Entries supplied:
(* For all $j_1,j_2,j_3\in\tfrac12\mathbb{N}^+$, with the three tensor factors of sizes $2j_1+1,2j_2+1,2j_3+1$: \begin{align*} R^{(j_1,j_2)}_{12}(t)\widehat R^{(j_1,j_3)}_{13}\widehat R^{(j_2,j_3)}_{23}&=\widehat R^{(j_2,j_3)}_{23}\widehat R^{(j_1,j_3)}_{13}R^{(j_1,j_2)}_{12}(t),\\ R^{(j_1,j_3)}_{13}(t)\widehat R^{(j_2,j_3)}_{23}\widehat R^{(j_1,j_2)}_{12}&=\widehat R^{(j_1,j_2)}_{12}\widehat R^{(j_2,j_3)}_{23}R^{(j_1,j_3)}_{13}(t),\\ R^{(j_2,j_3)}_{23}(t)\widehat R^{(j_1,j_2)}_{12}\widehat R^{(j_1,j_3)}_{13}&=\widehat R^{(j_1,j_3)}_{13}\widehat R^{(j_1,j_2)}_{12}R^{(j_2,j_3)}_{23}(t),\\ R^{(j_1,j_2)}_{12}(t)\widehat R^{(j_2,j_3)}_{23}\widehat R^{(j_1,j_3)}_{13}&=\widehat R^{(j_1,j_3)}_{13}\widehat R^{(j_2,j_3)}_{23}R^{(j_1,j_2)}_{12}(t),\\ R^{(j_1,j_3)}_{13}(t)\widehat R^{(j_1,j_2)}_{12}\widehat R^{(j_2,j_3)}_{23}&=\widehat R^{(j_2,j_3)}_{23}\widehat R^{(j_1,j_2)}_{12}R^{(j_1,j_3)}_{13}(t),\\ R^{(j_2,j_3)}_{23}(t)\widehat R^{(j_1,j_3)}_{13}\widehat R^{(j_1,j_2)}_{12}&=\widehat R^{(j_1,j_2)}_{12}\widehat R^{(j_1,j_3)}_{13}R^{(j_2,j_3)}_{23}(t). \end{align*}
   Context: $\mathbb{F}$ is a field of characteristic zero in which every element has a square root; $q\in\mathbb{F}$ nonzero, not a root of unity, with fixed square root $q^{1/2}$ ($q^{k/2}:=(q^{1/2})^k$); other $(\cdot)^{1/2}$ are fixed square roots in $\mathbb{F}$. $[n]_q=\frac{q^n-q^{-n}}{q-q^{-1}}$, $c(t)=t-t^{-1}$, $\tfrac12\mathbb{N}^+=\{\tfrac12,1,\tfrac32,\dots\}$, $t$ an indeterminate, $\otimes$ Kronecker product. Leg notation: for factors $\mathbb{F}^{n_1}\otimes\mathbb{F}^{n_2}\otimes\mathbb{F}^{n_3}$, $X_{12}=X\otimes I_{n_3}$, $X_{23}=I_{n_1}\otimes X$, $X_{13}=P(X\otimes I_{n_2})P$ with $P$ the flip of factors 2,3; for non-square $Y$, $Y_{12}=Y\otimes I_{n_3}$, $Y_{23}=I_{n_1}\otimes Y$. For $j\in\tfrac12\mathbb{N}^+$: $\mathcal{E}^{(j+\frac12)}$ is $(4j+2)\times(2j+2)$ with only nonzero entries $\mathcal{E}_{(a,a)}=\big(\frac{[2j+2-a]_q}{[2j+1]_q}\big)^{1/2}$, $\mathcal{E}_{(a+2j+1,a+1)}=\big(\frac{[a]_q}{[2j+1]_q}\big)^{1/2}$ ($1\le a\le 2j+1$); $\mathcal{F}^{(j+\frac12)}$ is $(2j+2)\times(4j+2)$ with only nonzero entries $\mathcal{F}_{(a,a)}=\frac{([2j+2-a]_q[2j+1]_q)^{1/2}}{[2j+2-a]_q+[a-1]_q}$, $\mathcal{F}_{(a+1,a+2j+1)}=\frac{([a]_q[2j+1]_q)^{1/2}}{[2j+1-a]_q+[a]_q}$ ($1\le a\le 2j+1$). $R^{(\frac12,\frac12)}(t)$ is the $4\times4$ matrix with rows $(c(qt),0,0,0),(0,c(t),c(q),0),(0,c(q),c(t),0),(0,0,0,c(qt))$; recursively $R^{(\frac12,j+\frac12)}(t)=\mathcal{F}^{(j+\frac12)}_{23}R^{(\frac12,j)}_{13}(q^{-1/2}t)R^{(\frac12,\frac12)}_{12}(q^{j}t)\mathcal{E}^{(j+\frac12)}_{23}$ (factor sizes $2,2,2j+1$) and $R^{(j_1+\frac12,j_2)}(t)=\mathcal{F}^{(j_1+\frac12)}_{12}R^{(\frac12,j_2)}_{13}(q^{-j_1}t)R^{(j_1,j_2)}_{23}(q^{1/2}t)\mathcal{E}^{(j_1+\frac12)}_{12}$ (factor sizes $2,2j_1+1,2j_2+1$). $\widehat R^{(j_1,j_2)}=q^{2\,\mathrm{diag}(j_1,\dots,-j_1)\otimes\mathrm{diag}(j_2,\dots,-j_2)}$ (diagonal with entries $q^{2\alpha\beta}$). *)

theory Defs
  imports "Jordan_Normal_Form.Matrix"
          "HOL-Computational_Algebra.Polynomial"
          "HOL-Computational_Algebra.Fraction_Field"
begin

Directions: Please find every line in the records above that holds the word "begin" and copy it.

Result of the exercise:
(* For all $j_1,j_2,j_3\in\tfrac12\mathbb{N}^+$, with the three tensor factors of sizes $2j_1+1,2j_2+1,2j_3+1$: \begin{align*} R^{(j_1,j_2)}_{12}(t)\widehat R^{(j_1,j_3)}_{13}\widehat R^{(j_2,j_3)}_{23}&=\widehat R^{(j_2,j_3)}_{23}\widehat R^{(j_1,j_3)}_{13}R^{(j_1,j_2)}_{12}(t),\\ R^{(j_1,j_3)}_{13}(t)\widehat R^{(j_2,j_3)}_{23}\widehat R^{(j_1,j_2)}_{12}&=\widehat R^{(j_1,j_2)}_{12}\widehat R^{(j_2,j_3)}_{23}R^{(j_1,j_3)}_{13}(t),\\ R^{(j_2,j_3)}_{23}(t)\widehat R^{(j_1,j_2)}_{12}\widehat R^{(j_1,j_3)}_{13}&=\widehat R^{(j_1,j_3)}_{13}\widehat R^{(j_1,j_2)}_{12}R^{(j_2,j_3)}_{23}(t),\\ R^{(j_1,j_2)}_{12}(t)\widehat R^{(j_2,j_3)}_{23}\widehat R^{(j_1,j_3)}_{13}&=\widehat R^{(j_1,j_3)}_{13}\widehat R^{(j_2,j_3)}_{23}R^{(j_1,j_2)}_{12}(t),\\ R^{(j_1,j_3)}_{13}(t)\widehat R^{(j_1,j_2)}_{12}\widehat R^{(j_2,j_3)}_{23}&=\widehat R^{(j_2,j_3)}_{23}\widehat R^{(j_1,j_2)}_{12}R^{(j_1,j_3)}_{13}(t),\\ R^{(j_2,j_3)}_{23}(t)\widehat R^{(j_1,j_3)}_{13}\widehat R^{(j_1,j_2)}_{12}&=\widehat R^{(j_1,j_2)}_{12}\widehat R^{(j_1,j_3)}_{13}R^{(j_2,j_3)}_{23}(t). \end{align*}
begin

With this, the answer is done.